**TASK TO COMPLETE**
Across the following data, how many lines include the string "dots"? Reply with the number and nothing more.

**INFORMATION**
lemma det_subtract_multiples_of_column_None:
  fixes M :: "'a::comm_ring_1^'n::finite option^'n option"
  shows "det (\<chi> i j. if j = None then M $ i $ None else M $ i $ j - c j * M $ i $ None) = det M"
proof -
  define U :: "'a^'n option^'n option"
    where "U = (\<chi> k j. if k = j then 1 else if k = None then - c j else 0)"
  have "(\<chi> i j. if j = None then M $ i $ None else M $ i $ j - c j * M $ i $ None) = M ** U"
    by (auto simp: vec_eq_iff matrix_matrix_mult_def U_def UNIV_option_conv sum.reindex
        if_distrib[of "\<lambda>x. _ * x"] cong: if_cong)
  moreover have "det U = 1"
  proof -
    have "det U = det (\<chi> i j. transpose U $ Some i $ Some j)"
      by (subst det_transpose [symmetric], rule det_row_None_axis)
         (simp add: vec_eq_iff transpose_def U_def axis_def)
    also have "(\<chi> i j. transpose U $ Some i $ Some j) = mat 1"
      by (simp add: vec_eq_iff transpose_def U_def mat_def)
    finally show ?thesis
      by simp
  qed
  ultimately show ?thesis
    by (simp add: det_mul)
qed

lemma det_eq_Schur_complement_None:
  fixes S :: "'a::comm_ring_1^'n::finite option^'n option"
  assumes "S $ None $ None = 1"
  shows "det S = det (\<chi> i j. S $ Some i $ Some j - S $ Some i $ None * S $ None $ Some j)"
proof -
  have "det S = det (\<chi> i j. if j = None then S $ i $ None else S $ i $ j - S $ None $ j * S $ i $ None)"
    by (rule det_subtract_multiples_of_column_None [symmetric])
  also have "\<dots> = det (\<chi> i j. S $ Some i $ Some j - S $ Some i $ None * S $ None $ Some j)"
    using assms by (subst det_row_None_axis) (auto simp: vec_eq_iff axis_def mult.commute)
  finally show ?thesis .
qed

definition homogeneous :: "'a::one^'n \<Rightarrow> 'a^'n option" where
  "homogeneous y = (\<chi> i. case i of None \<Rightarrow> 1 | Some k \<Rightarrow> y $ k)"

lemma det_homogeneous_columns:
  fixes w :: "'n::finite option \<Rightarrow> 'a::comm_ring_1^'n"
  shows "det (\<chi> i j. homogeneous (w j) $ i) = det (\<chi> i j. w (Some j) $ i - w None $ i)"
  using det_eq_Schur_complement_None[of "\<chi> i j. homogeneous (w j) $ i"]
  by (simp add: homogeneous_def)

section \<open>Integrating a squared determinant against a product measure\<close>

lemma sum_permutations_sign_prod_permuted_rows:
  fixes S :: "'a::comm_ring_1^'m::finite^'m"
  assumes "p permutes (UNIV :: 'm set)"
  shows "(\<Sum>q | q permutes UNIV. of_int (sign q) * (\<Prod>j\<in>UNIV. S $ p j $ q j)) = of_int (sign p) * det S"
  using det_permute_rows[OF assms, of S] by (simp add: det_def)

lemma sum_permutations_pairs_eq_fact_det:
  fixes S :: "'a::comm_ring_1^'m::finite^'m"
  shows "(\<Sum>p | p permutes (UNIV :: 'm set). \<Sum>q | q permutes (UNIV :: 'm set).
            of_int (sign p) * of_int (sign q) * (\<Prod>j\<in>UNIV. S $ p j $ q j)) = of_nat (fact CARD('m)) * det S"
proof -
  have "(\<Sum>q | q permutes UNIV. of_int (sign p) * of_int (sign q) * (\<Prod>j\<in>UNIV. S $ p j $ q j)) = det S"
    if "p permutes (UNIV :: 'm set)" for p
  proof -
    have "(\<Sum>q | q permutes UNIV. of_int (sign p) * of_int (sign q) * (\<Prod>j\<in>UNIV. S $ p j $ q j))
        = of_int (sign p) * (of_int (sign p) * det S)"
      using sum_permutations_sign_prod_permuted_rows[OF that, of S]
      by (simp add: mult.assoc flip: sum_distrib_left)
    also have "\<dots> = det S"
      by (simp flip: mult.assoc of_int_mult add: sign_idempotent)
    finally show ?thesis .
  qed
  then show ?thesis
    by (simp add: card_permutations)
qed

lemma det_square_sum_permutations:
  fixes G :: "'m::finite \<Rightarrow> 'a::comm_ring_1^'m"
  shows "(det (\<chi> i j. G j $ i))\<^sup>2 = (\<Sum>p | p permutes (UNIV :: 'm set). \<Sum>q | q permutes (UNIV :: 'm set).
           of_int (sign p) * of_int (sign q) * (\<Prod>j\<in>UNIV. G j $ p j * G j $ q j))"
proof -
  have expansion: "det (\<chi> i j. G j $ i) = (\<Sum>p | p permutes UNIV. of_int (sign p) * (\<Prod>j\<in>UNIV. G j $ p j))"
    by (subst det_transpose [symmetric]) (simp add: det_def transpose_def)
  show ?thesis
    unfolding expansion power2_eq_square sum_product
    by (intro sum.cong refl) (simp only: prod.distrib mult_ac)
qed

lemma
  fixes \<mu> :: "'a measure" and g :: "'m::finite \<Rightarrow> 'a \<Rightarrow> real" and c :: "'m \<Rightarrow> 'k"
  assumes "sigma_finite_measure \<mu>" and c: "bij_betw c UNIV K" and integrable_g: "\<And>j. integrable \<mu> (g j)"
  shows integrable_prod_PiM_bij: "integrable (PiM K (\<lambda>_. \<mu>)) (\<lambda>x. \<Prod>j\<in>UNIV. g j (x (c j)))"
    and integral_prod_PiM_bij: "(\<integral>x. (\<Prod>j\<in>UNIV. g j (x (c j))) \<partial>PiM K (\<lambda>_. \<mu>)) = (\<Prod>j\<in>UNIV. \<integral>y. g j y \<partial>\<mu>)"
proof -
  interpret product_sigma_finite "\<lambda>_. \<mu>"
    using assms(1) by (simp add: product_sigma_finite_def)
  have "finite K"
    using c bij_betw_finite finite_class.finite_UNIV by blast
  define c' where "c' = inv_into UNIV c"
  have c'_c: "c' (c j) = j" for j
    using c by (simp add: c'_def bij_betw_def)
  have reindex: "(\<Prod>j\<in>UNIV. h (c j)) = (\<Prod>k\<in>K. h k)" for h :: "'k \<Rightarrow> real"
    using prod.reindex_bij_betw[OF c] .
  have "(\<lambda>x. \<Prod>j\<in>UNIV. g j (x (c j))) = (\<lambda>x. \<Prod>k\<in>K. g (c' k) (x k))"
    using reindex[of "\<lambda>k. g (c' k) (x k)" for x] by (simp add: c'_c)
  moreover have "(\<Prod>j\<in>UNIV. \<integral>y. g j y \<partial>\<mu>) = (\<Prod>k\<in>K. \<integral>y. g (c' k) y \<partial>\<mu>)"
    using reindex[of "\<lambda>k. \<integral>y. g (c' k) y \<partial>\<mu>"] by (simp add: c'_c)
  moreover have "integrable (PiM K (\<lambda>_. \<mu>)) (\<lambda>x. \<Prod>k\<in>K. g (c' k) (x k))"
    using \<open>finite K\<close> by (rule product_integrable_prod) (simp add: integrable_g)
  moreover have "(\<integral>x. (\<Prod>k\<in>K. g (c' k) (x k)) \<partial>PiM K (\<lambda>_. \<mu>)) = (\<Prod>k\<in>K. \<integral>y. g (c' k) y \<partial>\<mu>)"
    using \<open>finite K\<close> by (rule product_integral_prod) (simp add: integrable_g)
  ultimately show "integrable (PiM K (\<lambda>_. \<mu>)) (\<lambda>x. \<Prod>j\<in>UNIV. g j (x (c j)))"
    and "(\<integral>x. (\<Prod>j\<in>UNIV. g j (x (c j))) \<partial>PiM K (\<lambda>_. \<mu>)) = (\<Prod>j\<in>UNIV. \<integral>y. g j y \<partial>\<mu>)"
    by simp_all
qed

lemma
  fixes \<mu> :: "'a measure" and F :: "'a \<Rightarrow> real^'m::finite" and c :: "'m \<Rightarrow> 'k"
  assumes "sigma_finite_measure \<mu>" and c: "bij_betw c UNIV K"
    and integrable_F: "\<And>i j. integrable \<mu> (\<lambda>y. F y $ i * F y $ j)"
  shows integrable_det_square_PiM: "integrable (PiM K (\<lambda>_. \<mu>)) (\<lambda>x. (det (\<chi> i j. F (x (c j)) $ i))\<^sup>2)"
    and integral_det_square_PiM: "(\<integral>x. (det (\<chi> i j. F (x (c j)) $ i))\<^sup>2 \<partial>PiM K (\<lambda>_. \<mu>))
          = fact CARD('m) * det (\<chi> i j. \<integral>y. F y $ i * F y $ j \<partial>\<mu>)"
proof -
  define T where "T p q x = (\<Prod>j\<in>UNIV. F (x (c j)) $ p j * F (x (c j)) $ q j)"
    for p q :: "'m \<Rightarrow> 'm" and x :: "'k \<Rightarrow> 'a"
  note integrable_T = integrable_prod_PiM_bij[OF assms(1) c integrable_F, folded T_def]
  note integral_T = integral_prod_PiM_bij[OF assms(1) c integrable_F, folded T_def]
  have det_square: "(det (\<chi> i j. F (x (c j)) $ i))\<^sup>2 = (\<Sum>p | p permutes (UNIV :: 'm set).
      \<Sum>q | q permutes (UNIV :: 'm set). of_int (sign p) * of_int (sign q) * T p q x)" for x
    by (subst det_square_sum_permutations) (simp add: T_def)
  show "integrable (PiM K (\<lambda>_. \<mu>)) (\<lambda>x. (det (\<chi> i j. F (x (c j)) $ i))\<^sup>2)"
    unfolding det_square by (intro Bochner_Integration.integrable_sum integrable_mult_right integrable_T)
  have "(\<integral>x. (det (\<chi> i j. F (x (c j)) $ i))\<^sup>2 \<partial>PiM K (\<lambda>_. \<mu>))
      = (\<Sum>p | p permutes (UNIV :: 'm set). \<Sum>q | q permutes (UNIV :: 'm set).
           of_int (sign p) * of_int (sign q) * (\<integral>x. T p q x \<partial>PiM K (\<lambda>_. \<mu>)))"
    unfolding det_square by (simp add: integral_sum integrable_sum integrable_mult_right integrable_T)
  also have "\<dots> = fact CARD('m) * det (\<chi> i j. \<integral>y. F y $ i * F y $ j \<partial>\<mu>)"
    using sum_permutations_pairs_eq_fact_det[of "\<chi> i j. \<integral>y. F y $ i * F y $ j \<partial>\<mu>"]
    by (simp add: integral_T)
  finally show "(\<integral>x. (det (\<chi> i j. F (x (c j)) $ i))\<^sup>2 \<partial>PiM K (\<lambda>_. \<mu>))
      = fact CARD('m) * det (\<chi> i j. \<integral>y. F y $ i * F y $ j \<partial>\<mu>)" .
qed

section \<open>The spectral theorem and the determinant-trace inequality\<close>

lemma less_exp_minus_one:
  fixes y :: real
  assumes "y \<noteq> 1"
  shows "y < exp (y - 1)"
proof (cases "y > 0")
  case True
  then have "ln y < y - 1"
    using assms ln_le_minus_one ln_eq_minus_one by (metis order_less_le)
  then show ?thesis
    using True by (metis exp_less_mono exp_ln)
qed (simp add: not_less order_le_less_trans[OF _ exp_gt_zero])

**SOLUTION TO THE PROBLEM**
3